# [Work item]
Using the entries that follow, write out the line containing "D2, C) \<in>", the line containing "return_pmf (if test", and every line between them, exactly and nothing else.
──────── Raw data
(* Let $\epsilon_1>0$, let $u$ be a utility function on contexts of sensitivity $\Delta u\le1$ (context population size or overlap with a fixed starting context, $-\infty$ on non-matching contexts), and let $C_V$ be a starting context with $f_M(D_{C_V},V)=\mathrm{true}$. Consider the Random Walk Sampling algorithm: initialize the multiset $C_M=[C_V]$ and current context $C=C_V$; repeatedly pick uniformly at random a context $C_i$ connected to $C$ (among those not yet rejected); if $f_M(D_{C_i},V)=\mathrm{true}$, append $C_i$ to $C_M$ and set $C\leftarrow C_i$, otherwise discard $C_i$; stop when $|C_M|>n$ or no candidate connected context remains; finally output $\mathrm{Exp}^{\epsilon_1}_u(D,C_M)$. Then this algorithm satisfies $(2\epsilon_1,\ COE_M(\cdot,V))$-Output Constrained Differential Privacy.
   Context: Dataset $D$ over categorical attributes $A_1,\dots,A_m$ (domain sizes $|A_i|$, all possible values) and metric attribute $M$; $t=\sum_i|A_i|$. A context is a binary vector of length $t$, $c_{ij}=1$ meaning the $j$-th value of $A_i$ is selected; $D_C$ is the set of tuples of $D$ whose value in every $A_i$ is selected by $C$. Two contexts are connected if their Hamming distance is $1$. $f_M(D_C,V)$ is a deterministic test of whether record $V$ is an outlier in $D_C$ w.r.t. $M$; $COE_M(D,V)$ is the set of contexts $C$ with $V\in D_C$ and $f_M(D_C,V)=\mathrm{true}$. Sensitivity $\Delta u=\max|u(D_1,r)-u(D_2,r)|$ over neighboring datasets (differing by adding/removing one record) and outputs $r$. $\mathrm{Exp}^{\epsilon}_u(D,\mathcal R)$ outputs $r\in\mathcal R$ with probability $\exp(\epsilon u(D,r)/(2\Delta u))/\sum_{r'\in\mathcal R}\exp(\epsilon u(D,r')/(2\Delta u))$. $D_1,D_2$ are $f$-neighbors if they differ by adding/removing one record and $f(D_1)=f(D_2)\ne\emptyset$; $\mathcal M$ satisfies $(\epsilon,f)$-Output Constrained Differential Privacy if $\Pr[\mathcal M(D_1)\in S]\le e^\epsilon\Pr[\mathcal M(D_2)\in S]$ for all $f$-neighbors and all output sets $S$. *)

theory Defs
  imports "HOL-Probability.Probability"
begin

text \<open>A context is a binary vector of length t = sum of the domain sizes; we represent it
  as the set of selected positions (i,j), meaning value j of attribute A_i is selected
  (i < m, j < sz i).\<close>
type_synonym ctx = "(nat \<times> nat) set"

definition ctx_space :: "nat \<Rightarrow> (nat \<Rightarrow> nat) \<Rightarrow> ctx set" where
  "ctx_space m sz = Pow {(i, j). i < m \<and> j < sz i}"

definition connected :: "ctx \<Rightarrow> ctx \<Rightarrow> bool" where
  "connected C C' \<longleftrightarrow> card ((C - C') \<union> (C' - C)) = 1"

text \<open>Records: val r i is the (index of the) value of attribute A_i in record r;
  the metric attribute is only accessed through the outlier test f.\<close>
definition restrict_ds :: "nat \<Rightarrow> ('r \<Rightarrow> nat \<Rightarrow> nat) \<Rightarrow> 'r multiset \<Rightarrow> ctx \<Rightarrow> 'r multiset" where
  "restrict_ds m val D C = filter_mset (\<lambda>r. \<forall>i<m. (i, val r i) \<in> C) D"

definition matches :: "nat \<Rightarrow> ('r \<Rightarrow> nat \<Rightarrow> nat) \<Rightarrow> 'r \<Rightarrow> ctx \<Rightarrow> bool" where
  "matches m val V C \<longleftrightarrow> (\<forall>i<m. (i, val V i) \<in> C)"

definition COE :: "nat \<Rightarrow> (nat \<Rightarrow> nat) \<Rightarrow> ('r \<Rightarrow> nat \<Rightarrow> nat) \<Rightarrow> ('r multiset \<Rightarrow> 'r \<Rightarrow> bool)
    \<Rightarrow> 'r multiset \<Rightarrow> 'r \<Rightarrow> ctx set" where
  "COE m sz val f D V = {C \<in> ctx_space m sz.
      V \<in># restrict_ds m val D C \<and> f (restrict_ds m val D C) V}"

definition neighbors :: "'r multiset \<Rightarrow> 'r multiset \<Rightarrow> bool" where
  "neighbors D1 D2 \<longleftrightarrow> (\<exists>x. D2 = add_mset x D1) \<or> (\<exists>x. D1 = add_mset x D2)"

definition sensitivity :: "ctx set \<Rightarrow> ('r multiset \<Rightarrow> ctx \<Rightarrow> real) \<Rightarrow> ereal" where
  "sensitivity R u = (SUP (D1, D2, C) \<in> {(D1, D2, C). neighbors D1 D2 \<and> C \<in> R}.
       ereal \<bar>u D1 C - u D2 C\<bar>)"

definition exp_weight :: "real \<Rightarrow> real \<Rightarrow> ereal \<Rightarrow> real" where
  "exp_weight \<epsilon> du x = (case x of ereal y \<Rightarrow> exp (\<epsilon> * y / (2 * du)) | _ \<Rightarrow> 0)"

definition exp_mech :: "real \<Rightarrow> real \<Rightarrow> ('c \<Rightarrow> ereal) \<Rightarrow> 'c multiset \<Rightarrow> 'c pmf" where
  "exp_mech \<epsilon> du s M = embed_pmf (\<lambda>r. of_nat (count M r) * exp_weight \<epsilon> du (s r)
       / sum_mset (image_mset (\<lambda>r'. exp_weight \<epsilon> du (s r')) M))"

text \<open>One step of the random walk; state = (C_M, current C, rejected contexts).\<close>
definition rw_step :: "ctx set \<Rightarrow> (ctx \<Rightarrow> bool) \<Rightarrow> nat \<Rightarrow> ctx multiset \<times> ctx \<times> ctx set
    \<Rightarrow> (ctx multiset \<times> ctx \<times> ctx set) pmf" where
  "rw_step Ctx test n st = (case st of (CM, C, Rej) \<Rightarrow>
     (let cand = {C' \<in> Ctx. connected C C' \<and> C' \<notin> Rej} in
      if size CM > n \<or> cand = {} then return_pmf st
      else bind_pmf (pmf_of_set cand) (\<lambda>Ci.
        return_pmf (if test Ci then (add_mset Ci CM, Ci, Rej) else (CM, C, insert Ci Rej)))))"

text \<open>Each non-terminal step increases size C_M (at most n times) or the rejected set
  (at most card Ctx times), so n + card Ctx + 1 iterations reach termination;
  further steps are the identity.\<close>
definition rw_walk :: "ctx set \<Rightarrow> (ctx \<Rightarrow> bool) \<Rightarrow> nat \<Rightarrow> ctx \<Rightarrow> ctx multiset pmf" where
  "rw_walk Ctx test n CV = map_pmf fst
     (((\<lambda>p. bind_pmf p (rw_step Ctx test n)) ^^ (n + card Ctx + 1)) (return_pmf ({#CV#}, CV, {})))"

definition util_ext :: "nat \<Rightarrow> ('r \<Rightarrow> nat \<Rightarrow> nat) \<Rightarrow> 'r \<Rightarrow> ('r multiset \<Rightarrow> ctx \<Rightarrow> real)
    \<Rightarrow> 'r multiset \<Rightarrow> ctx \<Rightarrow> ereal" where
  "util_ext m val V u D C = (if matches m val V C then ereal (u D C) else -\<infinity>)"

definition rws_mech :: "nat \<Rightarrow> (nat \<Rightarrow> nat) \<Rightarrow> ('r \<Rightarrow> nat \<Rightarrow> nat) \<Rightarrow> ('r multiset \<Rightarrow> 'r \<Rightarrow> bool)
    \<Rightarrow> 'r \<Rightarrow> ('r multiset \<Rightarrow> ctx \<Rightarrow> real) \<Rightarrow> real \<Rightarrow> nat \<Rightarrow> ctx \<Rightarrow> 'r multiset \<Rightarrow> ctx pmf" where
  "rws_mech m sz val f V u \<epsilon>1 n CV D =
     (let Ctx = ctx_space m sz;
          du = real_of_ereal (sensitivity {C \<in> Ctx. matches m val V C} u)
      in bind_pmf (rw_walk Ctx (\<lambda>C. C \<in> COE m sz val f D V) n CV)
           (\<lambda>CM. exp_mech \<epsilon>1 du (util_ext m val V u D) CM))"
────────────────
# [Expected output]
  "sensitivity R u = (SUP (D1, D2, C) \<in> {(D1, D2, C). neighbors D1 D2 \<and> C \<in> R}.
       ereal \<bar>u D1 C - u D2 C\<bar>)"

definition exp_weight :: "real \<Rightarrow> real \<Rightarrow> ereal \<Rightarrow> real" where
  "exp_weight \<epsilon> du x = (case x of ereal y \<Rightarrow> exp (\<epsilon> * y / (2 * du)) | _ \<Rightarrow> 0)"

definition exp_mech :: "real \<Rightarrow> real \<Rightarrow> ('c \<Rightarrow> ereal) \<Rightarrow> 'c multiset \<Rightarrow> 'c pmf" where
  "exp_mech \<epsilon> du s M = embed_pmf (\<lambda>r. of_nat (count M r) * exp_weight \<epsilon> du (s r)
       / sum_mset (image_mset (\<lambda>r'. exp_weight \<epsilon> du (s r')) M))"

text \<open>One step of the random walk; state = (C_M, current C, rejected contexts).\<close>
definition rw_step :: "ctx set \<Rightarrow> (ctx \<Rightarrow> bool) \<Rightarrow> nat \<Rightarrow> ctx multiset \<times> ctx \<times> ctx set
    \<Rightarrow> (ctx multiset \<times> ctx \<times> ctx set) pmf" where
  "rw_step Ctx test n st = (case st of (CM, C, Rej) \<Rightarrow>
     (let cand = {C' \<in> Ctx. connected C C' \<and> C' \<notin> Rej} in
      if size CM > n \<or> cand = {} then return_pmf st
      else bind_pmf (pmf_of_set cand) (\<lambda>Ci.
        return_pmf (if test Ci then (add_mset Ci CM, Ci, Rej) else (CM, C, insert Ci Rej)))))"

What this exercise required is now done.